TB: Dark-skinned people are most negatively impacted because it affects their self-esteem and they begin to view themselves as unattractive because of their dark skin. However, our research has shown that fair-skinned people are also negatively impacted. These people have skin that is considered « too fair » for them to be acknowledged as true West Indians, according to some. They are, in effect, ostracised for being white or fair-skinned. So, while there is a dichotomy between the discrimination against dark skin and the favouring of light skin, we have concluded that, in some way or another, we are all victims of colourism.

JP: On the other hand, we’ve encountered light-skinned people who were not aware that they possessed some form of privilege due to their skin colour. In fact, they stated that whenever a dark-skinned person made them aware of this reality, they would think that s/he was jealous of them.

TB: It should also be noted that our research focused not only on colourism but also on racism, because we included white people in our surveys. This was necessary because they too experience colourism. For example, a young white Guadeloupean woman recounted her experience of discrimination in which a black person insulted her, blamed her for the slavery that “her ancestors” had caused, and told her to return to her country, even though she was born in Guadeloupe and she speaks Creole!

Do people openly discriminate based on skin colour?

JP: Yes, discrimination is rather open and verbal, because people openly say things or use expressions that are offensive. For example, they may compare dark skin to the colour of coal, say that a person is so black, s/he is blue or purple, say that a person is black like the night, etc. To refer to the physical traits associated with whites, people may say that a person has « pretty » (smooth) hair, « clean » (light) skin, etc.

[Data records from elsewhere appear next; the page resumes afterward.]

(* Let $0\le\alpha<1$, $\mu\le\mu(\alpha)=\frac{(1-\alpha)^2}{4}$, $a_1,a_2\in\mathbb{R}$, and let $\alpha_1,\alpha_2$ be the eigenvalues of $A=\begin{pmatrix}0&a_1\\1&a_2\end{pmatrix}$ (labelled as in the context). Assume $$\lambda_{\alpha,\mu,n}-\lambda_{\alpha,\mu,l}\neq\alpha_1-\alpha_2\quad\text{for all }n,l\in\mathbb{N}^*,\ n\neq l.$$ Then the family $\{\lambda_{\alpha,\mu,n}+\alpha_2-\alpha_1:n\ge1\}\cup\{\lambda_{\alpha,\mu,n}:n\ge1\}$, arranged as a sequence $(\Lambda_n)_{n\ge1}$, satisfies, for some $\delta,\rho>0$: $\Re(\Lambda_n)\ge\delta|\Lambda_n|$ and $|\Lambda_n-\Lambda_m|\ge\rho|n-m|$ for all $n,m\ge1$, and $\sum_{n\ge1}\frac{1}{|\Lambda_n|}<+\infty$.
   Context: $\nu(\alpha,\mu)=\frac{2}{2-\alpha}\sqrt{\mu(\alpha)-\mu}$, $(j_{\nu,n})_{n\ge1}$ is the increasing sequence of positive zeros of the Bessel function $J_\nu$, and $\lambda_{\alpha,\mu,n}=\left(\frac{2-\alpha}{2}\right)^2 j_{\nu(\alpha,\mu),n}^2$. Labelling of eigenvalues of $A$: if $a_2^2+4a_1>0$, $\alpha_1=\frac12(a_2-\sqrt{a_2^2+4a_1})$, $\alpha_2=\frac12(a_2+\sqrt{a_2^2+4a_1})$; if $a_2^2+4a_1<0$, $\alpha_1=\frac12(a_2+i\sqrt{-(a_2^2+4a_1)})$, $\alpha_2=\frac12(a_2-i\sqrt{-(a_2^2+4a_1)})$; if $a_2^2+4a_1=0$, $\alpha_1=\alpha_2=a_2/2$. *)

theory Defs
  imports "HOL-Analysis.Analysis"
begin

text \<open>Bessel function of the first kind of real order nu (used for nu \<ge> 0, x > 0),
  defined by its power series.\<close>
definition besselJ :: "real \<Rightarrow> real \<Rightarrow> real" where
  "besselJ \<nu> x = (\<Sum>k. (-1) ^ k / (fact k * Gamma (real k + \<nu> + 1)) * (x / 2) powr (2 * real k + \<nu>))"
(* Let $p$ be a prime, $q=p^r$, $\mathscr{C}\subseteq\mathbb{F}_q^n$ a linear code over $\mathbb{F}_q$ of dimension $k$ ($1\le k<n$), $m\ge2$, $\mathscr{D}=\{(\lambda,\ldots,\lambda):\lambda\in\mathbb{F}_{q^k}\}\subset\mathbb{F}_{q^k}^m$, $\kappa:\mathbb{F}_{q^k}\to\mathcal{L}(\mathscr{C},\mathbb{F}_p)$ an $\mathbb{F}_p$-linear isomorphism, $f_\lambda=\kappa(\lambda)$, and $Q=\operatorname{span}\{\Phi_\Lambda:\Lambda\in\mathscr{D}\}$, a stabilizer code with minimum distance $\delta$. Then $\delta=\min\{d(\mathscr{C}),m\}$, and the stabilizer group of $Q$ consists exactly of the errors $X(\mathbf{c}_1,\ldots,\mathbf{c}_m)Z(\mathbf{d}_1,\ldots,\mathbf{d}_m)$ with $\mathbf{c}_1,\ldots,\mathbf{c}_m\in\mathscr{C}$, $\sum_{i=1}^m\mathbf{c}_i=0$, and $\mathbf{d}_1,\ldots,\mathbf{d}_m\in\mathscr{C}^\perp$.
   Context: $\zeta=e^{2\pi i/p}$; $\operatorname{tr}:\mathbb{F}_q\to\mathbb{F}_p$ the trace; $\mathscr{C}^\perp$ the Euclidean dual; $d(\mathscr{C})$ the minimum Hamming distance. $\mathcal{L}(\mathscr{C},\mathbb{F}_p)$ is the space of $\mathbb{F}_p$-linear maps $\mathscr{C}\to\mathbb{F}_p$. $\phi_\lambda=q^{-k/2}\sum_{\mathbf{c}\in\mathscr{C}}\zeta^{f_\lambda(\mathbf{c})}|\mathbf{c}\rangle$, $\Phi_\Lambda=\phi_{\lambda_1}\otimes\cdots\otimes\phi_{\lambda_m}$ in $(\mathbb{C}^q)^{\otimes nm}$ (orthonormal basis $|\mathbf{x}\rangle$, $\mathbf{x}\in\mathbb{F}_q^{nm}$). Errors: $X(a)|x\rangle=|x+a\rangle$, $Z(b)|x\rangle=\zeta^{\operatorname{tr}(bx)}|x\rangle$, tensored to $X(\mathbf{a}),Z(\mathbf{b})$; error group $\mathcal{P}_{nm}=\{\omega^cX(\mathbf{a})Z(\mathbf{b})\}$ with $\omega=\zeta,c\in\mathbb{F}_p$ ($p$ odd) or $\omega=i,c\in\{0,1,2,3\}$ ($p=2$); weight of $\omega^cX(\mathbf{a})Z(\mathbf{b})$ is $\#\{j:(a_j,b_j)\ne(0,0)\}$. The stabilizer group is $\mathcal{S}=\{E\in\mathcal{P}_{nm}:Ev=v\ \forall v\in Q\}$, and $\delta=\min\{\operatorname{wt}(E):E\in C_{\mathcal{P}_{nm}}(\mathcal{S})\setminus\mathcal{S}\mathcal{Z}(\mathcal{P}_{nm})\}$, where $\mathcal{Z}(\mathcal{P}_{nm})$ is the set of scalar elements. *)

theory Defs
  imports "HOL-Analysis.Analysis" "HOL-Library.Function_Algebras"
begin
(* Let $G_1,G_2$ be ordered graphs, and let $L_1,L_2$ be the lengths of the longest monotone paths in $G_1,G_2$ respectively. Then the length of the longest monotone path in the lexicographic product $G_1\otimes G_2$ is exactly $L_1L_2$.
   Context: An ordered graph is a finite graph with a linear order on its vertex set. A path $v_1,\dots,v_L$ in an ordered graph is monotone if $v_1<v_2<\dots<v_L$ in the order; its length is its number of vertices. The lexicographic product $G_1\otimes G_2$ is the ordered graph on vertex set $V(G_2)\times V(G_1)$, ordered lexicographically with the $G_2$-coordinate compared first, in which $(u,x)$ and $(w,y)$ are adjacent if and only if either $u\neq w$ and $uw\in E(G_2)$, or $u=w$ and $xy\in E(G_1)$. (Equivalently: each vertex of $G_2$ is blown up into an interval of $|G_1|$ vertices, edges of $G_2$ become complete bipartite graphs between blowup sets, and a copy of $G_1$ is placed in each blowup set.) *)

theory Defs
  imports Main "HOL-Library.Product_Lexorder"
begin

text \<open>An ordered graph: finite vertex set V inside a linearly ordered type
(the linear order on V is the restriction of the type's order), with a symmetric,
irreflexive adjacency relation E supported on V.\<close>
definition ordered_graph :: "'a::linorder set \<Rightarrow> ('a \<Rightarrow> 'a \<Rightarrow> bool) \<Rightarrow> bool" where
  "ordered_graph V E \<longleftrightarrow> finite V \<and> (\<forall>x y. E x y \<longrightarrow> x \<in> V \<and> y \<in> V)
     \<and> (\<forall>x y. E x y \<longrightarrow> E y x) \<and> (\<forall>x. \<not> E x x)"

text \<open>A monotone path v_1 < v_2 < ... < v_L, consecutive vertices adjacent;
its length is its number of vertices.\<close>
definition monotone_path :: "'a::linorder set \<Rightarrow> ('a \<Rightarrow> 'a \<Rightarrow> bool) \<Rightarrow> 'a list \<Rightarrow> bool" where
  "monotone_path V E vs \<longleftrightarrow> vs \<noteq> [] \<and> set vs \<subseteq> V \<and> sorted_wrt (<) vs
     \<and> (\<forall>i. Suc i < length vs \<longrightarrow> E (vs ! i) (vs ! Suc i))"

definition longest_monotone_path :: "'a::linorder set \<Rightarrow> ('a \<Rightarrow> 'a \<Rightarrow> bool) \<Rightarrow> nat" where
  "longest_monotone_path V E = Max (insert 0 {length vs | vs. monotone_path V E vs})"

text \<open>Lexicographic product G1 \<otimes> G2 on V2 \<times> V1; pairs are ordered lexicographically
(first coordinate, the G2-coordinate, compared first) by Product_Lexorder.\<close>
definition lex_prod_vertices :: "'a set \<Rightarrow> 'b set \<Rightarrow> ('b \<times> 'a) set" where
  "lex_prod_vertices V1 V2 = V2 \<times> V1"

definition lex_prod_edges :: "('a \<Rightarrow> 'a \<Rightarrow> bool) \<Rightarrow> ('b \<Rightarrow> 'b \<Rightarrow> bool)
    \<Rightarrow> ('b \<times> 'a) \<Rightarrow> ('b \<times> 'a) \<Rightarrow> bool" where
  "lex_prod_edges E1 E2 p q \<longleftrightarrow>
     (fst p \<noteq> fst q \<and> E2 (fst p) (fst q)) \<or> (fst p = fst q \<and> E1 (snd p) (snd q))"

end

theory Submission
  imports Defs
begin

text \<open>A monotone path in \<open>G\<^sub>1 \<otimes> G\<^sub>2\<close> visits the blowup sets of a monotone
  path of \<open>G\<^sub>2\<close> in increasing order, and inside each blowup set it is a monotone path
  of \<open>G\<^sub>1\<close>; hence it has at most \<open>L\<^sub>1 L\<^sub>2\<close> vertices. Conversely, running through a longest
  path of \<open>G\<^sub>1\<close> inside the blowup set of each vertex of a longest path of \<open>G\<^sub>2\<close>, in order,
  gives a monotone path with exactly \<open>L\<^sub>1 L\<^sub>2\<close> vertices.\<close>

definition monotone_edge :: "('a::linorder \<Rightarrow> 'a \<Rightarrow> bool) \<Rightarrow> 'a \<Rightarrow> 'a \<Rightarrow> bool" where
  "monotone_edge E x y \<longleftrightarrow> x < y \<and> E x y"

lemma monotone_path_iff_successively:
  "monotone_path V E vs \<longleftrightarrow> vs \<noteq> [] \<and> set vs \<subseteq> V \<and> successively (monotone_edge E) vs"
proof -
  have "sorted_wrt (<) vs \<longleftrightarrow> successively (<) vs"
    by (simp add: successively_conv_sorted_wrt transp_def)
  then show ?thesis
    unfolding monotone_path_def monotone_edge_def successively_conv_nth by blast
qed

lemma monotone_path_singleton [simp]: "monotone_path V E [x] \<longleftrightarrow> x \<in> V"
  by (simp add: monotone_path_def)

lemma monotone_path_Cons_Cons:
  "monotone_path V E (x # y # ys) \<longleftrightarrow>
     x \<in> V \<and> monotone_edge E x y \<and> monotone_path V E (y # ys)"
  by (auto simp: monotone_path_iff_successively)

lemma monotone_path_length_le_card:
  assumes "finite V" "monotone_path V E vs"
  shows "length vs \<le> card V"
proof -
  from assms(2) have "distinct vs" "set vs \<subseteq> V"
    by (auto simp: monotone_path_def strict_sorted_iff)
  then show ?thesis
    using assms(1) by (metis card_mono distinct_card)
qed

lemma finite_monotone_path_lengths:
  assumes "finite V"
  shows "finite {length vs | vs. monotone_path V E vs}"
proof (rule finite_subset)
  show "{length vs | vs. monotone_path V E vs} \<subseteq> {..card V}"
    using monotone_path_length_le_card[OF assms] by blast
qed simp

lemma length_le_longest_monotone_path:
  assumes "finite V" "monotone_path V E vs"
  shows "length vs \<le> longest_monotone_path V E"
  unfolding longest_monotone_path_def
  using assms finite_monotone_path_lengths[OF assms(1)] by (intro Max_ge) auto

lemma longest_monotone_path_le:
  assumes "finite V" "\<And>vs. monotone_path V E vs \<Longrightarrow> length vs \<le> n"
  shows "longest_monotone_path V E \<le> n"
  unfolding longest_monotone_path_def
  using assms finite_monotone_path_lengths[OF assms(1)] by (intro Max.boundedI) auto

lemma longest_monotone_path_attained:
  assumes "finite V" "longest_monotone_path V E > 0"
  obtains vs where "monotone_path V E vs" "length vs = longest_monotone_path V E"
proof -
  have "longest_monotone_path V E \<in> insert 0 {length vs | vs. monotone_path V E vs}"
    unfolding longest_monotone_path_def
    using finite_monotone_path_lengths[OF assms(1)] by (intro Max_in) auto
  with assms(2) that show ?thesis by auto
qed

lemma monotone_edge_lex_prod_edges:
  "monotone_edge (lex_prod_edges E1 E2) v w \<longleftrightarrow>
     (fst v = fst w \<and> monotone_edge E1 (snd v) (snd w)) \<or>
     (fst v \<noteq> fst w \<and> monotone_edge E2 (fst v) (fst w))"
  by (cases v; cases w) (auto simp: monotone_edge_def lex_prod_edges_def less_prod_def)

text \<open>In the induction, \<open>ps\<close> is the sequence of blowup sets visited by \<open>vs\<close> and \<open>qs\<close> the
  projection of the part of \<open>vs\<close> in the first of them; every later block contributes at
  most \<open>L\<^sub>1\<close> vertices.\<close>

lemma lex_prod_path_projections:
  assumes "finite V1"
  shows "monotone_path (lex_prod_vertices V1 V2) (lex_prod_edges E1 E2) vs \<Longrightarrow>
    \<exists>ps qs. monotone_path V2 E2 ps \<and> hd ps = fst (hd vs) \<and>
      monotone_path V1 E1 qs \<and> hd qs = snd (hd vs) \<and>
      length vs + longest_monotone_path V1 E1
        \<le> longest_monotone_path V1 E1 * length ps + length qs"
proof (induction vs rule: induct_list012)
  case 1
  then show ?case by (simp add: monotone_path_def)
next
  case (2 v)
  then have "fst v \<in> V2" "snd v \<in> V1"
    by (auto simp: lex_prod_vertices_def mem_Times_iff)
  then show ?case
    by (intro exI[of _ "[fst v]"] exI[of _ "[snd v]"]) simp
next
  case (3 v w ws)
  let ?L1 = "longest_monotone_path V1 E1"
  from "3.prems" have vw: "monotone_edge (lex_prod_edges E1 E2) v w"
    and vV: "fst v \<in> V2" "snd v \<in> V1"
    and path: "monotone_path (lex_prod_vertices V1 V2) (lex_prod_edges E1 E2) (w # ws)"
    by (auto simp: monotone_path_Cons_Cons lex_prod_vertices_def mem_Times_iff)
  obtain ps qs where ps: "monotone_path V2 E2 ps" "hd ps = fst w"
    and qs: "monotone_path V1 E1 qs" "hd qs = snd w"
    and len: "length (w # ws) + ?L1 \<le> ?L1 * length ps + length qs"
    using "3.IH"(2)[OF path] by auto
  obtain p ps' where ps_eq: "ps = p # ps'"
    using ps(1) by (cases ps) (auto simp: monotone_path_def)
  obtain q qs' where qs_eq: "qs = q # qs'"
    using qs(1) by (cases qs) (auto simp: monotone_path_def)
  show ?case
  proof (cases "fst v = fst w")
    case True
    with vw have "monotone_path V1 E1 (snd v # qs)"
      using qs vV by (simp add: qs_eq monotone_path_Cons_Cons monotone_edge_lex_prod_edges)
    with ps len True show ?thesis
      by (intro exI[of _ ps] exI[of _ "snd v # qs"]) auto
  next
    case False
    with vw have "monotone_path V2 E2 (fst v # ps)"
      using ps vV by (simp add: ps_eq monotone_path_Cons_Cons monotone_edge_lex_prod_edges)
    moreover have "length (v # w # ws) + ?L1 \<le> ?L1 * length (fst v # ps) + length [snd v]"
      using len length_le_longest_monotone_path[OF assms(1) qs(1)] by simp
    ultimately show ?thesis
      using vV by (intro exI[of _ "fst v # ps"] exI[of _ "[snd v]"]) auto
  qed
qed

lemma lex_prod_path_length_le:
  assumes "finite V1" "finite V2"
    and "monotone_path (lex_prod_vertices V1 V2) (lex_prod_edges E1 E2) vs"
  shows "length vs \<le> longest_monotone_path V1 E1 * longest_monotone_path V2 E2"
proof -
  let ?L1 = "longest_monotone_path V1 E1"
  obtain ps qs where ps: "monotone_path V2 E2 ps" and qs: "monotone_path V1 E1 qs"
    and len: "length vs + ?L1 \<le> ?L1 * length ps + length qs"
    using lex_prod_path_projections[OF assms(1) assms(3)] by blast
  have "?L1 * length ps \<le> ?L1 * longest_monotone_path V2 E2"
    using length_le_longest_monotone_path[OF assms(2) ps] by simp
  with len length_le_longest_monotone_path[OF assms(1) qs] show ?thesis
    by linarith
qed

definition blowup_path :: "'a list \<Rightarrow> 'b list \<Rightarrow> ('b \<times> 'a) list" where
  "blowup_path xs us = concat (map (\<lambda>u. map (Pair u) xs) us)"

lemma length_blowup_path [simp]: "length (blowup_path xs us) = length us * length xs"
  by (simp add: blowup_path_def length_concat comp_def sum_list_triv)

lemma monotone_path_blowup_path:
  assumes xs: "monotone_path V1 E1 xs" and us: "monotone_path V2 E2 us"
  shows "monotone_path (lex_prod_vertices V1 V2) (lex_prod_edges E1 E2) (blowup_path xs us)"
proof -
  have block: "monotone_path (lex_prod_vertices V1 V2) (lex_prod_edges E1 E2) (map (Pair u) xs)"
    if "u \<in> V2" for u
    using xs that unfolding monotone_path_iff_successively
    by (auto simp: successively_map monotone_edge_lex_prod_edges lex_prod_vertices_def
        intro: successively_mono)
  obtain x xs' where xs_eq: "xs = x # xs'"
    using xs by (cases xs) (auto simp: monotone_path_def)
  from us show ?thesis
  proof (induction us rule: induct_list012)
    case 1
    then show ?case by (simp add: monotone_path_def)
  next
    case (2 u)
    then show ?case using block by (simp add: blowup_path_def)
  next
    case (3 u u' us)
    then have uu': "monotone_edge E2 u u'" "u \<in> V2"
      and IH: "monotone_path (lex_prod_vertices V1 V2) (lex_prod_edges E1 E2)
                 (blowup_path xs (u' # us))"
      by (auto simp: monotone_path_Cons_Cons)
    have unfold: "blowup_path xs (u # u' # us) = map (Pair u) xs @ blowup_path xs (u' # us)"
      by (simp add: blowup_path_def)
    have "last (map (Pair u) xs) = (u, last xs)" "hd (blowup_path xs (u' # us)) = (u', x)"
      by (simp_all add: blowup_path_def xs_eq last_map)
    moreover have "monotone_edge (lex_prod_edges E1 E2) (u, last xs) (u', x)"
      unfolding monotone_edge_lex_prod_edges using uu'(1) by (auto simp: monotone_edge_def)
    ultimately show ?case
      using IH block[OF uu'(2)] unfolding unfold monotone_path_iff_successively
      by (auto simp: successively_append_iff)
  qed
qed

lemma lex_prod_longest_ge:
  assumes "finite V1" "finite V2"
  shows "longest_monotone_path V1 E1 * longest_monotone_path V2 E2
           \<le> longest_monotone_path (lex_prod_vertices V1 V2) (lex_prod_edges E1 E2)"
proof (cases "longest_monotone_path V1 E1 > 0 \<and> longest_monotone_path V2 E2 > 0")
  case True
  then obtain xs us where xs: "monotone_path V1 E1 xs" "length xs = longest_monotone_path V1 E1"
    and us: "monotone_path V2 E2 us" "length us = longest_monotone_path V2 E2"
    using longest_monotone_path_attained assms by metis
  have "finite (lex_prod_vertices V1 V2)"
    using assms by (simp add: lex_prod_vertices_def)
  from length_le_longest_monotone_path[OF this monotone_path_blowup_path[OF xs(1) us(1)]]
  show ?thesis using xs(2) us(2) by (simp add: mult.commute)
qed auto

theorem proposition3p2:
  fixes V1 :: "'a::linorder set" and E1 :: "'a \<Rightarrow> 'a \<Rightarrow> bool"
    and V2 :: "'b::linorder set" and E2 :: "'b \<Rightarrow> 'b \<Rightarrow> bool"
  assumes "ordered_graph V1 E1" and "ordered_graph V2 E2"
  shows "longest_monotone_path (lex_prod_vertices V1 V2) (lex_prod_edges E1 E2)
           = longest_monotone_path V1 E1 * longest_monotone_path V2 E2"
proof -
  have fin: "finite V1" "finite V2"
    using assms by (auto simp: ordered_graph_def)
  then have "finite (lex_prod_vertices V1 V2)"
    by (simp add: lex_prod_vertices_def)
  with fin show ?thesis
    by (intro antisym longest_monotone_path_le lex_prod_path_length_le lex_prod_longest_ge)
qed

end
(* (a) For every $d \ge 1$, $\dfrac{F_n^- - \ln n}{\ln\ln n} \to 0$ in probability as $n \to \infty$. (b) If $d \ge 2$, then $\dfrac{F_n^- - \ln n}{\ln\ln n} \to 0$ almost surely.
   Context: Fix an integer $d \ge 1$. Let $X^{(1)}, X^{(2)}, \dots$ be i.i.d. random vectors in $\mathbb{R}^d$ with independent Exponential$(1)$ coordinates. For $x,y \in \mathbb{R}^d$ write $x \prec y$ if $x_j<y_j$ for all $j$, $x \le y$ if $x_j \le y_j$ for all $j$, and $x_+ := \sum_j x_j$. The record-setting region at time $n$ is $\mathrm{RS}_n := \{x \in \mathbb{R}^d : 0 \le x,\ x \not\prec X^{(i)} \text{ for all } 1 \le i \le n\}$, and its frontier $F_n$ is the topological boundary of $\mathrm{RS}_n$ relative to $[0,\infty)^d$. Define $F_n^- := \min\{x_+ : x \in F_n\}$. *)

theory Defs
  imports "HOL-Probability.Probability"
begin

definition strict_below :: "real^'d \<Rightarrow> real^'d \<Rightarrow> bool" where
  "strict_below x y \<longleftrightarrow> (\<forall>j. x $ j < y $ j)"

definition orthant :: "(real^'d) set" where
  "orthant = {x. \<forall>j. 0 \<le> x $ j}"

definition RS :: "(nat \<Rightarrow> real^'d) \<Rightarrow> nat \<Rightarrow> (real^'d) set" where
  "RS X n = {x \<in> orthant. \<forall>i\<in>{1..n}. \<not> strict_below x (X i)}"

definition frontierRS :: "(nat \<Rightarrow> real^'d) \<Rightarrow> nat \<Rightarrow> (real^'d) set" where
  "frontierRS X n = (subtopology euclidean orthant) frontier_of (RS X n)"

TB: So all that is fair/white is beautiful. And for a dark-skinned person, if s/he is attractive, some will specifically say that s/he is a « handsome black guy » or a « pretty black girl ». However, if s/he had lighter skin, they would simply say that s/he is a “handsome guy” or a “pretty girl”, as if having fair skin translates to being beautiful, and the opposite for those with dark skin.

What is being done to solve this problem?

JP: I do not think the problem is being solved. Still, there are actions that can mitigate or eliminate altogether such colourist mentalities. For example, since the 2010s, « natural » hairstyles are becoming more and more popular, even if it is just a fad, and there are many YouTube channels specializing in natural haircare. In addition, there are several conferences on this topic. It is likely that all the above is helping to eliminate the ridicule that many women with natural hair face.

What steps should be taken to improve this situation?

TB: Actually, colourism is still a taboo topic of conversation in Martinique. Neither do we discuss it within the family nor do we address it in the greater society, despite being aware that it is a major social issue. It is, therefore, necessary to put in place more ambitious educational policies that promote discussion. Caribbean universities also need to contribute more research on colourism and more young future researchers need to be sensitised on this topic in order to better approach it. Local musical artistes also have an important responsibility because their songs sometimes contain lyrics that favour fair skin as an attractive physical trait.

JP: Undoubtedly, it is very important that we integrate the theme of colourism into school curricula by linking this phenomenon to the topics of slavery and colonialism. Children should know the story behind this problem. The younger generation has to be taught so that the problems of the past may not be repeated. In addition, we often do not realise the powerful effects of the media on our mentalities. If we always see a dark-skinned person in a negative situation (e.g. being presented as being ugly or unsuccessful) and people with fair skin in favourable situations (e.g. being rich and popular), what will be the impact on our perception of what it means to have the dark or light skin?